Bir insanın en saf, en temiz ve en masum olduğu dönemi şüphesiz bebekliğidir. Bebeklik dönemi, anne babalar için de büyütülen bebek için de eşsiz bir dönemdir. Bu eşsiz dönemde edinilecek deneyimler bir ömür boyu asla unutulmayacaktır. Biz de bu yazımızda en güzel bebek resimleri eşliğinde insanın bebeklik dönemine ilişkin ilginç bilgiler vermek istiyoruz.

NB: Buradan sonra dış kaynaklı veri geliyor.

text \<open>Polya's theorem for \<open>[0, 1]\<close>: the normalised coefficients approach the values of \<open>g\<close>,
  so they are eventually bounded below by \<open>min g > 0\<close>.\<close>

lemma bernstein_coeff_eventually_pos:
  fixes g :: "real poly"
  assumes pos: "\<And>x. 0 \<le> x \<Longrightarrow> x \<le> 1 \<Longrightarrow> poly g x > 0"
  shows "\<exists>N. \<forall>n\<ge>N. \<forall>i\<le>n. bernstein_coeff g n i > 0"
proof -
  have "\<exists>x\<in>{0..1}. \<forall>y\<in>{0..1}. poly g x \<le> poly g y"
    by (rule continuous_attains_inf) (auto intro!: continuous_intros)
  then obtain x0 where x0: "x0 \<in> {0..1}" "\<And>y. y \<in> {0..1} \<Longrightarrow> poly g x0 \<le> poly g y"
    by blast
  define m where "m = poly g x0"
  have m: "m > 0" "\<And>y. 0 \<le> y \<Longrightarrow> y \<le> 1 \<Longrightarrow> m \<le> poly g y"
    using x0 pos unfolding m_def by auto
  define C where "C = (\<Sum>j\<le>degree g. \<bar>coeff g j\<bar> * real j ^ 2)"
  define N where "N = degree g + nat \<lceil>C / m\<rceil> + 1"
  have "bernstein_coeff g n i > 0" if "N \<le> n" "i \<le> n" for n i
  proof -
    have n: "degree g \<le> n" "0 < n"
      using that unfolding N_def by auto
    have "C / m < real n"
      using that unfolding N_def by linarith
    then have "C / real n < m"
      using m n by (simp add: field_simps)
    moreover have "m \<le> poly g (real i / real n)"
      using m that n by auto
    ultimately have "bernstein_coeff g n i / real (n choose i) > 0"
      using bernstein_coeff_approx[OF n that(2)] unfolding C_def by linarith
    then show ?thesis
      using that by (simp add: zero_less_divide_iff)
  qed
  then show ?thesis
    by blast
qed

Bir bebeğin gözü, doğduğunda yetişkin halindeki gözünün %75’i büyüklüğündedir. Ancak bebeklerin gözleri yetişkinliklerindeki gözlerinin %75 ebadında olmasına rağmen bebeklerin bir duyu organları, henüz ana rahmindeyken yetişkin dönemindeki haliyle gelişmektedir ki bu duyu organı iç kulaktır.
Yeni doğan bebekler, gözleri açık bir şekilde uykuya dalabilirler. Bebeklerin gözleri açık bir şekilde uyuyabildiklerini bilmeyen ebeveynleri bu tip bir manzara ile karşılaştıklarında korkabilirler. Ancak böyle bir durumda korkmaya çok da gerek yoktur.
Ayrıca yeni doğmuş bebekler, bilindiği üzere sağlıklı bir şekilde gelişim gösterebilmek için gün içerisinde çok fazla uyumak durumundadırlar. Yeni doğan bir bebeğin gün içerisinde uyuması gereken süre yaklaşık 16-17 saattir. Aslında en güzel bebek resimleri de bebeklerin uyurken verdikleri birbirinden şeker pozlardır.
Bebekler, ilk doğdukları andan itibaren geçen ilk 4 ayda tuzun tadını ayırt edemezler. Bu dönemde bebeğe tuzlu bir gıda verilmesi halinde bebek bunu tatsız algılayacaktır. Tatlıyı ekşiyi ve diğer tatları algılamasına rağmen bebeklerin tuzu algılayamamasının sebebi tuzun 1 yaşına kadar vücutlarına zarar vermesiyle ilgili olabilir. Zira bebek 4 ayın sonunda tuzun tadını ayırt etmesine rağmen 1 yaşını doldurana kadar da yine aynı şekilde tuzlu bir gıda yememelidir. Çünkü bebeklerin 1 yaşına kadar böbrekleri sağlıklı bir şekilde gelişmediğinden tuz emilimini düzgün yapamayacaktır.
Yine de tat ayırt eden bebeklerin özellikle ekşi bir limon yedikleri halleri yine en güzel bebek resimleri arasındadır.
Hem bebek hem de annenin sağlığı için bir annenin hamile kalması için en ideal yaş 22’dir. Bu yaşta hamile kalarak doğum yapan kadın, bu süreci en sağlıklı şekilde atlatmaktadır.
Yeni doğan bebeklerin ana dillerini henüz anne karnındayken öğrenmeye başladıkları sonucuna varılmıştır. Yeni doğan bir bebeğin yetişkinlerle tek iletişim kurma şeklinin ağlamak olduğunu hepimiz biliriz. İşte bebeklerin ağlama şekillerine bakıldığında ana dillerinin tonlarında ağladıkları görülmüştür. Buradan da yeni doğan bir bebeğin ana dilini anne karnında öğrendiği anlaşılmaktadır.
Bir bebeğin annesi ile arasındaki özel bağ herkes tarafından bilinir. Ancak bebekler ile ilgili bilinmesi gereken bir diğer durum da yeni doğan bebeklerin erkek seslerine nazaran kadın seslerine daha duyarlı olduklarıdır. Yeni doğan bebekler, kendileriyle annelerine alternatif olarak kadınların ilgilenmelerini istemektedirler.